Pick out the lines below that include the string "arbitrary".

RECORDS FOR THE EXERCISE Start Marker

section \<open>The invariant of the main loop\<close>

lemma cross_charged_insert_left:
  assumes cc: "cross_charged D X Y" and "D \<subseteq> V" "X \<subseteq> V" "e \<in> V" "e \<notin> X"
    and okx: "c e * f X / B \<le> f (insert e X) - f X"
    and okx_over_y: "f (insert e Y) - f Y \<le> c e * f Y / B + (f (insert e X) - f X)"
  shows "cross_charged (insert e D) (insert e X) Y"
proof -
  obtain gX gY where g: "value_split gX X" "value_split gY Y"
    "\<forall>u\<in>D - X. charged X gY u" "\<forall>u\<in>D - Y. charged Y gX u"
    using cc unfolding cross_charged_def by blast
  have "0 \<le> c e * f X / B" using c_pos[OF \<open>e \<in> V\<close>] nonneg[OF \<open>X \<subseteq> V\<close>] B_pos by simp
  then have X_le: "f X \<le> f (insert e X)" using okx by linarith
  define gX' where "gX' = gX(e := f (insert e X) - f X)"
  have "value_split gX' (insert e X)"
    unfolding gX'_def using value_split_insert g(1) assms(3,5) X_le by blast
  moreover have "charged (insert e X) gY u" if "u \<in> insert e D - insert e X" for u
    using charged_mono[OF _ _ X_le] g(3) that c_pos \<open>D \<subseteq> V\<close> by (force intro: less_imp_le)
  moreover have "charged Y gX' u" if "u \<in> insert e D - Y" for u
  proof (cases "u = e")
    case True
    then show ?thesis using okx_over_y unfolding charged_def gX'_def by auto
  next
    case False
    then show ?thesis using g(4) that unfolding gX'_def charged_def by auto
  qed
  ultimately show ?thesis using g(2) unfolding cross_charged_def by blast
qed

lemma cross_charged_insert_rejected:
  assumes cc: "cross_charged D X Y"
    and "f (insert e X) - f X < c e * f X / B" "f (insert e Y) - f Y < c e * f Y / B"
  shows "cross_charged (insert e D) X Y"
proof -
  obtain gX gY where g: "value_split gX X" "value_split gY Y"
    "\<forall>u\<in>D - X. charged X gY u" "\<forall>u\<in>D - Y. charged Y gX u"
    using cc unfolding cross_charged_def by blast
  have "charged X gY e" "charged Y gX e"
    using assms(2,3) g(1,2) unfolding charged_def value_split_def
    by (metis add_increasing2 less_imp_le order.refl)+
  with g show ?thesis unfolding cross_charged_def by blast
qed

definition loop_inv :: "'a set \<Rightarrow> 'a list \<Rightarrow> 'a list \<Rightarrow> real \<Rightarrow> real \<Rightarrow> bool" where
  "loop_inv D xs ys fx fy \<longleftrightarrow> fx = f (set xs) \<and> fy = f (set ys) \<and>
     D \<subseteq> V \<and> set xs \<subseteq> D \<and> set ys \<subseteq> D \<and> set xs \<inter> set ys = {} \<and>
     density_chain f c B xs \<and> density_chain f c B ys \<and> cross_charged D (set xs) (set ys)"

lemma loop_inv_swap: "loop_inv D xs ys fx fy \<Longrightarrow> loop_inv D ys xs fy fx"
  unfolding loop_inv_def using cross_charged_swap by blast

lemma loop_inv_insert_left:
  assumes inv: "loop_inv D xs ys fx fy" and e: "e \<in> V" "e \<notin> D"
    and okx: "c e * fx / B \<le> f (insert e (set xs)) - fx"
    and okx_over_y: "f (insert e (set ys)) - fy \<le> c e * fy / B + (f (insert e (set xs)) - fx)"
  shows "loop_inv (insert e D) (e # xs) ys (f (insert e (set xs))) fy"
proof -
  have "e \<notin> set xs" "e \<notin> set ys" "set xs \<subseteq> V" using inv e unfolding loop_inv_def by auto
  moreover have "cross_charged (insert e D) (insert e (set xs)) (set ys)"
    using cross_charged_insert_left inv e okx okx_over_y \<open>e \<notin> set xs\<close> \<open>set xs \<subseteq> V\<close>
    unfolding loop_inv_def by blast
  ultimately show ?thesis using inv e okx unfolding loop_inv_def by auto
qed

lemma loop_inv_insert_rejected:
  assumes inv: "loop_inv D xs ys fx fy" and e: "e \<in> V"
    and "f (insert e (set xs)) - fx < c e * fx / B" "f (insert e (set ys)) - fy < c e * fy / B"
  shows "loop_inv (insert e D) xs ys fx fy"
  using assms cross_charged_insert_rejected unfolding loop_inv_def by blast

end

lemma la_step_unfold:
  fixes f :: "'a set \<Rightarrow> real" and c :: "'a \<Rightarrow> real" and xs ys :: "'a list" and fx fy :: real
  assumes "0 < c e" "0 < B"
  defines "a \<equiv> f (insert e (set xs)) - fx" and "b \<equiv> f (insert e (set ys)) - fy"
  shows "la_step f c B tb (xs, ys, fx, fy, q, i) e =
    (if c e * fx / B \<le> a \<and> (b < c e * fy / B \<or> b < a \<or> (a = b \<and> tb i))
     then (e # xs, ys, f (insert e (set xs)), fy, q + 2, Suc i)
     else if c e * fy / B \<le> b then (xs, e # ys, fx, f (insert e (set ys)), q + 2, Suc i)
     else (xs, ys, fx, fy, q + 2, Suc i))"
proof -
  have "(fx / B \<le> a / c e) = (c e * fx / B \<le> a)" "(fy / B \<le> b / c e) = (c e * fy / B \<le> b)"
    using assms(1,2) by (simp_all add: pos_le_divide_eq mult.commute)
  moreover have "(b / c e < a / c e) = (b < a)" "(a / c e = b / c e) = (a = b)"
    using assms(1) by (simp_all add: divide_less_cancel)
  ultimately show ?thesis unfolding la_step_def Let_def a_def b_def by (auto simp: not_le)
qed

context budgeted_submodular
begin

lemma loop_inv_step:
  assumes inv: "loop_inv D xs ys fx fy" and e: "e \<in> V" "e \<notin> D"
    and step: "la_step f c B tb (xs, ys, fx, fy, q, i) e = (xs', ys', fx', fy', q', i')"
  shows "loop_inv (insert e D) xs' ys' fx' fy'"
proof -
  define a where "a = f (insert e (set xs)) - fx"
  define b where "b = f (insert e (set ys)) - fy"
  have "fx = f (set xs)" "fy = f (set ys)" "set xs \<subseteq> V" "set ys \<subseteq> V"
    using inv unfolding loop_inv_def by auto
  then have shares: "0 \<le> c e * fx / B" "0 \<le> c e * fy / B"
    using nonneg c_pos[OF e(1)] B_pos by simp_all
  note unfold = la_step_unfold[where f = f and c = c and B = B and e = e and xs = xs and ys = ys
      and fx = fx and fy = fy and tb = tb and q = q and i = i, OF c_pos[OF e(1)] B_pos, folded a_def b_def]
  consider (to_X) "c e * fx / B \<le> a" "b < c e * fy / B \<or> b < a \<or> (a = b \<and> tb i)"
    | (to_Y) "\<not> (c e * fx / B \<le> a \<and> (b < c e * fy / B \<or> b < a \<or> (a = b \<and> tb i)))"
        "c e * fy / B \<le> b"
    | (rejected) "a < c e * fx / B" "b < c e * fy / B"
    by fastforce
  then show ?thesis
  proof cases
    case to_X
    then have "b \<le> c e * fy / B + a" using shares by auto
    then show ?thesis
      using loop_inv_insert_left[OF inv e] to_X step unfold unfolding a_def b_def by auto
  next
    case to_Y
    then have "a \<le> c e * fx / B + b" using shares by auto
    then show ?thesis
      using loop_inv_swap[OF loop_inv_insert_left[OF loop_inv_swap[OF inv] e]] to_Y step unfold
      unfolding a_def b_def by auto
  next
    case rejected
    then show ?thesis
      using loop_inv_insert_rejected[OF inv e(1)] step unfold unfolding a_def b_def by auto
  qed
qed

lemma loop_inv_foldl:
  "loop_inv D xs ys fx fy \<Longrightarrow> set ws \<subseteq> V \<Longrightarrow> distinct ws \<Longrightarrow> set ws \<inter> D = {} \<Longrightarrow>
   foldl (la_step f c B tb) (xs, ys, fx, fy, q, i) ws = (xs', ys', fx', fy', q', i') \<Longrightarrow>
   loop_inv (D \<union> set ws) xs' ys' fx' fy'"
proof (induction ws arbitrary: D xs ys fx fy q i)
  case Nil
  then show ?case by simp
next
  case (Cons e ws)
  obtain xs2 ys2 fx2 fy2 q2 i2
    where step: "la_step f c B tb (xs, ys, fx, fy, q, i) e = (xs2, ys2, fx2, fy2, q2, i2)"
    by (cases "la_step f c B tb (xs, ys, fx, fy, q, i) e") auto
  have "loop_inv (insert e D) xs2 ys2 fx2 fy2"
    using loop_inv_step[OF Cons.prems(1) _ _ step] Cons.prems by auto
  then show ?case using Cons.IH[of "insert e D" xs2 ys2 fx2 fy2 q2 i2] Cons.prems step by auto
qed

end

lemma la_step_queries:
  "la_step f c B tb (xs, ys, fx, fy, q, i) e = (xs', ys', fx', fy', q', i') \<Longrightarrow> q' = q + 2"
  unfolding la_step_def Let_def by (auto split: if_splits)

lemma foldl_la_step_queries:
  "foldl (la_step f c B tb) (xs, ys, fx, fy, q, i) ws = (xs', ys', fx', fy', q', i') \<Longrightarrow>
   q' = q + 2 * length ws"
proof (induction ws arbitrary: xs ys fx fy q i)
  case Nil
  then show ?case by simp
next
  case (Cons e ws)
  obtain xs2 ys2 fx2 fy2 q2 i2
    where step: "la_step f c B tb (xs, ys, fx, fy, q, i) e = (xs2, ys2, fx2, fy2, q2, i2)"
    by (cases "la_step f c B tb (xs, ys, fx, fy, q, i) e") auto
  then show ?case using Cons.IH[of xs2 ys2 fx2 fy2 q2 i2] Cons.prems la_step_queries[OF step] by simp
qed

lemma emax_scan_foldl:
  fixes f :: "'a set \<Rightarrow> real"
  assumes "foldl (\<lambda>(b, fb, q) e. let fe = f {e} in if fb < fe then (e, fe, Suc q) else (b, fb, Suc q))
     (b, f {b}, q) ys = (b', fb', q')"
  shows "fb' = f {b'} \<and> b' \<in> insert b (set ys) \<and> (\<forall>e\<in>insert b (set ys). f {e} \<le> fb') \<and>
    q' = q + length ys"
  using assms
proof (induction ys arbitrary: b q)
  case Nil
  then show ?case by auto
next
  case (Cons e ys)
  define b2 where "b2 = (if f {b} < f {e} then e else b)"
  have "(\<lambda>(b, fb, q) e. let fe = f {e} in if fb < fe then (e, fe, Suc q) else (b, fb, Suc q))
     (b, f {b}, q) e = (b2, f {b2}, Suc q)" unfolding b2_def Let_def by auto
  then have "fb' = f {b'} \<and> b' \<in> insert b2 (set ys) \<and> (\<forall>e\<in>insert b2 (set ys). f {e} \<le> fb') \<and>
      q' = Suc q + length ys"
    using Cons.IH[of b2 "Suc q"] Cons.prems by auto
  moreover have "f {b} \<le> f {b2}" "f {e} \<le> f {b2}" "b2 \<in> {b, e}" unfolding b2_def by auto
  ultimately show ?case by auto
qed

RECORDS FOR THE EXERCISE End Marker

> **YOUR SOLUTION**
proof (induction ws arbitrary: D xs ys fx fy q i)
proof (induction ws arbitrary: xs ys fx fy q i)
proof (induction ys arbitrary: b q)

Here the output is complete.